Don Quixote gulps as she tries to look away from those crimson eyes, but Ryoshu catches her chin forcing her to keep eye contact. Her gaze is heavy and serious and answer to her stupid idea is loud and clear even if Don Quixote isn't sure if she believes it completely. But she will try.

"I-I understand."

"I sure hope so."

She hesitates before taking her hand back. Perhaps Ryoshu is as dependent on this touch as she is.

_____

"Nice one," Gregor whistles as Don Quixote drags an unconscious body to the back of the bistro. "And right on time with what our dealer brought today."
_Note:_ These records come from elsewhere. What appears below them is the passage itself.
lemma quasi_free_l2inner_eval_bounded:
  fixes H :: "(complex^'n \<Rightarrow> complex^'m) set"
  assumes qf: "quasi_free \<Omega> H ip" and z: "z \<in> \<Omega>"
  obtains C where "0 \<le> C" "\<And>F. F \<in> H \<Longrightarrow> norm (l2inner (F z) y) \<le> C * hnorm ip F"
proof -
  have "\<forall>z\<in>\<Omega>. \<exists>r>0. \<exists>C. \<forall>w\<in>\<Omega> \<inter> ball z r. \<forall>F\<in>H. norm (F w) \<le> C * hnorm ip F"
    using qf unfolding quasi_free_def by (elim conjE)
  then obtain r C0 where "r > 0" and bound: "\<forall>w\<in>\<Omega> \<inter> ball z r. \<forall>F\<in>H. norm (F w) \<le> C0 * hnorm ip F"
    using z by blast
  have C0: "norm (F z) \<le> max C0 0 * hnorm ip F" if F: "F \<in> H" for F
  proof -
    have "norm (F z) \<le> C0 * hnorm ip F" using bound z \<open>r > 0\<close> F by simp
    also have "\<dots> \<le> max C0 0 * hnorm ip F"
      using hnorm_nonneg[OF quasi_free_hilbert_fun_space[OF qf] F] by (simp add: mult_right_mono)
    finally show ?thesis .
  qed
  show ?thesis
  proof
    show "0 \<le> real CARD('m) * norm y * max C0 0" by simp
    fix F assume "F \<in> H"
    have "norm (l2inner (F z) y) \<le> real CARD('m) * norm (F z) * norm y"
      by (rule norm_l2inner_le)
    also have "\<dots> \<le> real CARD('m) * (max C0 0 * hnorm ip F) * norm y"
      using C0[OF \<open>F \<in> H\<close>] by (intro mult_right_mono mult_left_mono) auto
    finally show "norm (l2inner (F z) y) \<le> real CARD('m) * norm y * max C0 0 * hnorm ip F"
      by (simp add: algebra_simps)
  qed
qed
(* Let $p$ be a probability rule for quantum many-worlds theory satisfying Axioms (A1)–(A3). Let $v=\sum_{n=0}^{N-1}\sqrt{m_n/M}\,\lvert n\rangle$, where $m_0,\dots,m_{N-1}$ and $M$ are positive integers with $\sum_{n=0}^{N-1}m_n=M$, so that $v$ is an allowed state. Then $p_n(v)=m_n/M$ for $0\le n<N$, and $p_n(v)=0$ for $n\ge N$.
   Context: Quantum many-worlds theory is defined as follows. The worlds are the vectors $\lvert n\rangle$, $n\in\{0,1,2,\dots\}$, of a countably infinite orthonormal basis of a complex Hilbert space. The allowed states are the vectors $v=\sum_n v_n\lvert n\rangle$ with $\sum_n|v_n|^2=1$, where $v_n=\langle n\vert v\rangle$ is the amplitude of world $n$. The allowed transformations are all unitary operators $T$, with matrix elements $T_{ij}=\langle i\rvert T\lvert j\rangle$. A probability rule assigns to each allowed state $v$ a sequence $(p_n(v))_{n\ge 0}$ of nonnegative reals with $\sum_n p_n(v)=1$. The axioms are: (A1) Present state dependence: $p_n$ depends only on the present state $v$, so $p$ is a function of the state alone. (A2) Weak connection with amplitudes: for every allowed state $v$, $v_n=0$ implies $p_n(v)=0$. (A3) Weak connection with transformations: for every allowed state $v$ and allowed transformation $T$, and every partition of $\{0,1,2,\dots\}$ into subsets $\mathcal S_k$ such that $T_{ij}=0$ whenever $i$ and $j$ lie in different subsets, we have $\sum_{n\in\mathcal S_k}p_n(v)=\sum_{n\in\mathcal S_k}p_n(Tv)$ for every $k$. *)

theory Defs
  imports "HOL-Analysis.Analysis" "HOL-Library.Disjoint_Sets"
begin

text \<open>Vectors of the Hilbert space l2(N) are represented by their amplitude sequences
  v :: nat => complex, where v n is the amplitude of world |n>.\<close>

definition l2 :: "(nat \<Rightarrow> complex) set" where
  "l2 = {v. summable (\<lambda>n. (cmod (v n))^2)}"

definition sqnorm :: "(nat \<Rightarrow> complex) \<Rightarrow> real" where
  "sqnorm v = (\<Sum>n. (cmod (v n))^2)"

definition allowed_state :: "(nat \<Rightarrow> complex) \<Rightarrow> bool" where
  "allowed_state v \<longleftrightarrow> v \<in> l2 \<and> sqnorm v = 1"

definition ket :: "nat \<Rightarrow> (nat \<Rightarrow> complex)" where
  "ket n = (\<lambda>k. if k = n then 1 else 0)"

text \<open>Unitary operators on l2: linear, norm preserving, surjective maps l2 -> l2
  (values outside l2 are irrelevant).\<close>
definition unitary_op :: "((nat \<Rightarrow> complex) \<Rightarrow> (nat \<Rightarrow> complex)) \<Rightarrow> bool" where
  "unitary_op T \<longleftrightarrow>
     (\<forall>v\<in>l2. T v \<in> l2) \<and>
     (\<forall>v\<in>l2. \<forall>w\<in>l2. \<forall>a::complex. T (\<lambda>n. a * v n + w n) = (\<lambda>n. a * T v n + T w n)) \<and>
     (\<forall>v\<in>l2. sqnorm (T v) = sqnorm v) \<and>
     (\<forall>w\<in>l2. \<exists>v\<in>l2. T v = w)"

definition mat_el :: "((nat \<Rightarrow> complex) \<Rightarrow> (nat \<Rightarrow> complex)) \<Rightarrow> nat \<Rightarrow> nat \<Rightarrow> complex" where
  "mat_el T i j = T (ket j) i"

text \<open>A probability rule (A1 is built in: p is a function of the present state alone).\<close>
definition prob_assignment :: "((nat \<Rightarrow> complex) \<Rightarrow> nat \<Rightarrow> real) \<Rightarrow> bool" where
  "prob_assignment p \<longleftrightarrow>
     (\<forall>v. allowed_state v \<longrightarrow> (\<forall>n. p v n \<ge> 0) \<and> p v sums 1)"

definition axiom_A2 :: "((nat \<Rightarrow> complex) \<Rightarrow> nat \<Rightarrow> real) \<Rightarrow> bool" where
  "axiom_A2 p \<longleftrightarrow> (\<forall>v n. allowed_state v \<longrightarrow> v n = 0 \<longrightarrow> p v n = 0)"

definition axiom_A3 :: "((nat \<Rightarrow> complex) \<Rightarrow> nat \<Rightarrow> real) \<Rightarrow> bool" where
  "axiom_A3 p \<longleftrightarrow>
     (\<forall>v T P. allowed_state v \<longrightarrow> unitary_op T \<longrightarrow> partition_on UNIV P \<longrightarrow>
        (\<forall>A\<in>P. \<forall>i j. i \<in> A \<longrightarrow> j \<notin> A \<longrightarrow> mat_el T i j = 0) \<longrightarrow>
        (\<forall>A\<in>P. (\<Sum>\<^sub>\<infinity>n\<in>A. p v n) = (\<Sum>\<^sub>\<infinity>n\<in>A. p (T v) n)))"

end

theory Submission imports Defs begin

text \<open>A rotation in the plane spanned by two worlds a and b is unitary and has block-diagonal
  matrix with blocks {a, b} and {l} for the other worlds, so by (A3) it conserves the total
  probability of {a, b} and every other single probability. Rotating an amplitude
  sqrt(r/M) at a against an empty world b splits it into sqrt((r-1)/M) and sqrt(1/M); iterating
  (by induction on M minus the size of the support) reduces every state with rational squared
  amplitudes m/M to the state with M equal amplitudes sqrt(1/M). There, three swaps routed
  through an empty world and (A2) show that any two of the equal worlds have the same
  probability, hence each has probability 1/M.\<close>

definition givens :: "nat \<Rightarrow> nat \<Rightarrow> real \<Rightarrow> real \<Rightarrow> (nat \<Rightarrow> complex) \<Rightarrow> (nat \<Rightarrow> complex)" where
  "givens a b c s v = (\<lambda>n. if n = a then of_real c * v a - of_real s * v b
     else if n = b then of_real s * v a + of_real c * v b else v n)"

lemma cmod_givens_pair:
  fixes x y :: complex
  assumes "c\<^sup>2 + s\<^sup>2 = 1"
  shows "(cmod (of_real c * x - of_real s * y))\<^sup>2 + (cmod (of_real s * x + of_real c * y))\<^sup>2
       = (cmod x)\<^sup>2 + (cmod y)\<^sup>2"
proof -
  obtain x1 x2 y1 y2 where xy: "x = Complex x1 x2" "y = Complex y1 y2"
    by (cases x, cases y) auto
  have "(cmod (of_real c * x - of_real s * y))\<^sup>2 + (cmod (of_real s * x + of_real c * y))\<^sup>2
       = (c\<^sup>2 + s\<^sup>2) * ((cmod x)\<^sup>2 + (cmod y)\<^sup>2)"
    unfolding cmod_power2 xy by (simp add: power2_eq_square algebra_simps)
  then show ?thesis using assms by simp
qed

lemma givens_l2:
  assumes "v \<in> l2"
  shows "givens a b c s v \<in> l2"
proof -
  have "eventually (\<lambda>n. (cmod (givens a b c s v n))\<^sup>2 = (cmod (v n))\<^sup>2) sequentially"
    using eventually_gt_at_top[of "max a b"] by eventually_elim (auto simp: givens_def)
  then show ?thesis
    using assms unfolding l2_def by (simp only: mem_Collect_eq summable_cong)
qed

lemma sqnorm_givens:
  assumes "v \<in> l2" and "a \<noteq> b" and "c\<^sup>2 + s\<^sup>2 = 1"
  shows "sqnorm (givens a b c s v) = sqnorm v"
proof -
  define f where "f = (\<lambda>n. (cmod (givens a b c s v n))\<^sup>2)"
  define g where "g = (\<lambda>n. (cmod (v n))\<^sup>2)"
  have "summable g" using assms(1) by (simp add: l2_def g_def)
  have "(\<lambda>n. f n - g n) sums (\<Sum>n\<in>{a, b}. f n - g n)"
    by (rule sums_finite) (auto simp: f_def g_def givens_def)
  moreover have "(\<Sum>n\<in>{a, b}. f n - g n) = 0"
    using assms(2) cmod_givens_pair[OF assms(3), of "v a" "v b"]
    by (simp add: f_def g_def givens_def)
  ultimately have "(\<lambda>n. g n + (f n - g n)) sums (suminf g + 0)"
    using \<open>summable g\<close> by (intro sums_add summable_sums) auto
  then have "f sums suminf g" by simp
  then show ?thesis by (simp add: sqnorm_def f_def g_def sums_iff)
qed

lemma givens_givens_neg:
  assumes "a \<noteq> b" and "c\<^sup>2 + s\<^sup>2 = 1"
  shows "givens a b c s (givens a b c (- s) w) = w"
proof
  fix n
  have cs: "(of_real c * of_real c + of_real s * of_real s :: complex) = 1"
    using arg_cong[OF assms(2), of complex_of_real] by (simp add: power2_eq_square)
  have "of_real c * (of_real c * w a - of_real (- s) * w b)
      - of_real s * (of_real (- s) * w a + of_real c * w b)
      = (of_real c * of_real c + of_real s * of_real s :: complex) * w a"
    and "of_real s * (of_real c * w a - of_real (- s) * w b)
      + of_real c * (of_real (- s) * w a + of_real c * w b)
      = (of_real c * of_real c + of_real s * of_real s :: complex) * w b"
    by (simp_all add: algebra_simps)
  then show "givens a b c s (givens a b c (- s) w) n = w n"
    using assms(1) unfolding cs by (simp add: givens_def)
qed

lemma unitary_op_givens:
  assumes "a \<noteq> b" and "c\<^sup>2 + s\<^sup>2 = 1"
  shows "unitary_op (givens a b c s)"
  unfolding unitary_op_def
proof (intro conjI ballI allI)
  fix v w :: "nat \<Rightarrow> complex" and x :: complex
  show "givens a b c s (\<lambda>n. x * v n + w n) = (\<lambda>n. x * givens a b c s v n + givens a b c s w n)"
    by (auto simp: givens_def algebra_simps)
next
  fix w :: "nat \<Rightarrow> complex"
  assume "w \<in> l2"
  then show "\<exists>v\<in>l2. givens a b c s v = w"
    using givens_l2 givens_givens_neg[OF assms] by blast
qed (use givens_l2 sqnorm_givens assms in blast)+

lemma allowed_state_givens:
  assumes "allowed_state v" and "a \<noteq> b" and "c\<^sup>2 + s\<^sup>2 = 1"
  shows "allowed_state (givens a b c s v)"
  using assms givens_l2 sqnorm_givens unfolding allowed_state_def by metis

lemma axiom_A3_two_level:
  assumes "axiom_A3 p" and "allowed_state v" and "unitary_op T"
    and block: "\<And>i j. i \<noteq> j \<Longrightarrow> \<not> (i \<in> {a, b} \<and> j \<in> {a, b}) \<Longrightarrow> mat_el T i j = 0"
  shows "a \<noteq> b \<Longrightarrow> p v a + p v b = p (T v) a + p (T v) b"
    and "l \<notin> {a, b} \<Longrightarrow> p (T v) l = p v l"
proof -
  define P where "P = insert {a, b} ((\<lambda>l. {l}) ` (- {a, b}))"
  have "partition_on UNIV P"
    unfolding partition_on_def disjoint_def P_def by auto
  moreover have "\<forall>A\<in>P. \<forall>i j. i \<in> A \<longrightarrow> j \<notin> A \<longrightarrow> mat_el T i j = 0"
    unfolding P_def using block by auto
  ultimately have conserved: "(\<Sum>\<^sub>\<infinity>n\<in>A. p v n) = (\<Sum>\<^sub>\<infinity>n\<in>A. p (T v) n)" if "A \<in> P" for A
    using assms(1-3) that unfolding axiom_A3_def by blast
  show "p v a + p v b = p (T v) a + p (T v) b" if "a \<noteq> b"
    using conserved[of "{a, b}"] that by (simp add: P_def)
  show "p (T v) l = p v l" if "l \<notin> {a, b}"
    using conserved[of "{l}"] that by (simp add: P_def)
qed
"Something wrong with it?" She asks, hoisting the body up into her arms.

Losing their regular dealer was a shame, but with the help of Don Quixote they managed to keep up with demand.

"Yeah." Gregor throws an unfinished cigarette on the floor before picking up the legs. The sous chef hums something, but Don Quixote doesn't bother with listening. The body won't be able to run away even if he wakes up right now. The tranquilizer that Ryoshu's bistro uses could knock down a person twice his weight anyway. She still remembers how Gregor put syringes in her hands, too tired of sudden butchering.

Not her fault so many people want to be dead.

It's awkward to navigate with her back facing the entrance, but Don Quixote is used to this building and manages to cross a short distance easily, stopping only in front of the basement. It requires a careful pair of free hands to open a heavy metal door. Gregor throws her a key, easily holding body with one hand. Don Quixote carefully goes down the dangerously steep staircase, and finally, the idiot who tried to rob someone in the daylight is where he belongs. Don Quixote picks up some ropes from the shelf.

They are soft and sturdy enough to keep someone tied up, but not bruise them if they struggle. Especially if Ryoshu needs them alive for something.

Don Quixote likes to touch them despite only tying the most mediocre knots, Rocinante being her one dear exception.

"Don't bother," Gregor stops her with a slow lazy arm, straightening his back. "He won't wake up for a long time."

Don Quixote shrugs her shoulders and follows the sous chef out of the basement.

She honestly doesn't care about what will happen to the bodies she brings anymore. At first, there was a strange anticipation and hope that she would taste something that she hunted down herself, but as time passed, she brought so much meat that it lost its thrill. There was no longer a difference between the meat she, Ryoshu, Gregor, or their dealer brought.

Well, when the dealer did their job properly. Don Quixote looks at the meat that Gregor complained about and wonders how Ryoshu didn't kill the person who brought these sloppy slabs of junk into the bistro.

"Did they starve or what?" She asks with suspicion, looking at the weirdly torn pieces of meat.

"He had hidden augmentations that the hunter wasn't aware of," explains Gregor, chuckling. "Thirty percent of the body was metal, including most of the bones.

"So they didn't even check anything before butchering?"

"They got a new guy," Gregor says, taking another drag of his cigarette. "Or at least that's what we were told when we asked about the quality."

Don Quixote snorts at his tone, barely containing a laugh. Despite her obvious favoritism toward Ryoshu, she and Gregor had a strange camaraderie built on both of them being employees with a really demanding boss. It was refreshing to complain about her job, to concentrate on the less gruesome parts.

"Pray tell, what dost thou intend to do with it?" She asks. "Ryoshu wouldn't even use it in soup."

"I don't know." Gregor rises from his place and leans closer, turning his face to Don Quixote in a rather nonchalant manner. "What would you do with it?"

Don Quixote narrows her eyes. "What do thou mean?"

"As you said, Ryoshu would never sell a dish out of it. I'm almost sure she wouldn't even touch it. So I guess you could try something without worrying about wasting ingredients."

"Seriously?" She sputters in disbelief, staring at sous chef with eyes as wide as saucers. "I offer thee my deepest gratitude!"

Suddenly, the meat doesn't look as bad. Suddenly it's a pretty decent piece that could be used in many different ways. For Ryoshu it would be no better than trash, but Don Quixote isn't a professional chef, so she really doesn't need high-quality ingredients. Honestly, she’s better without them. Don Quixote would definitely get way too nervous and overexcited if she got her hands on actual good meat.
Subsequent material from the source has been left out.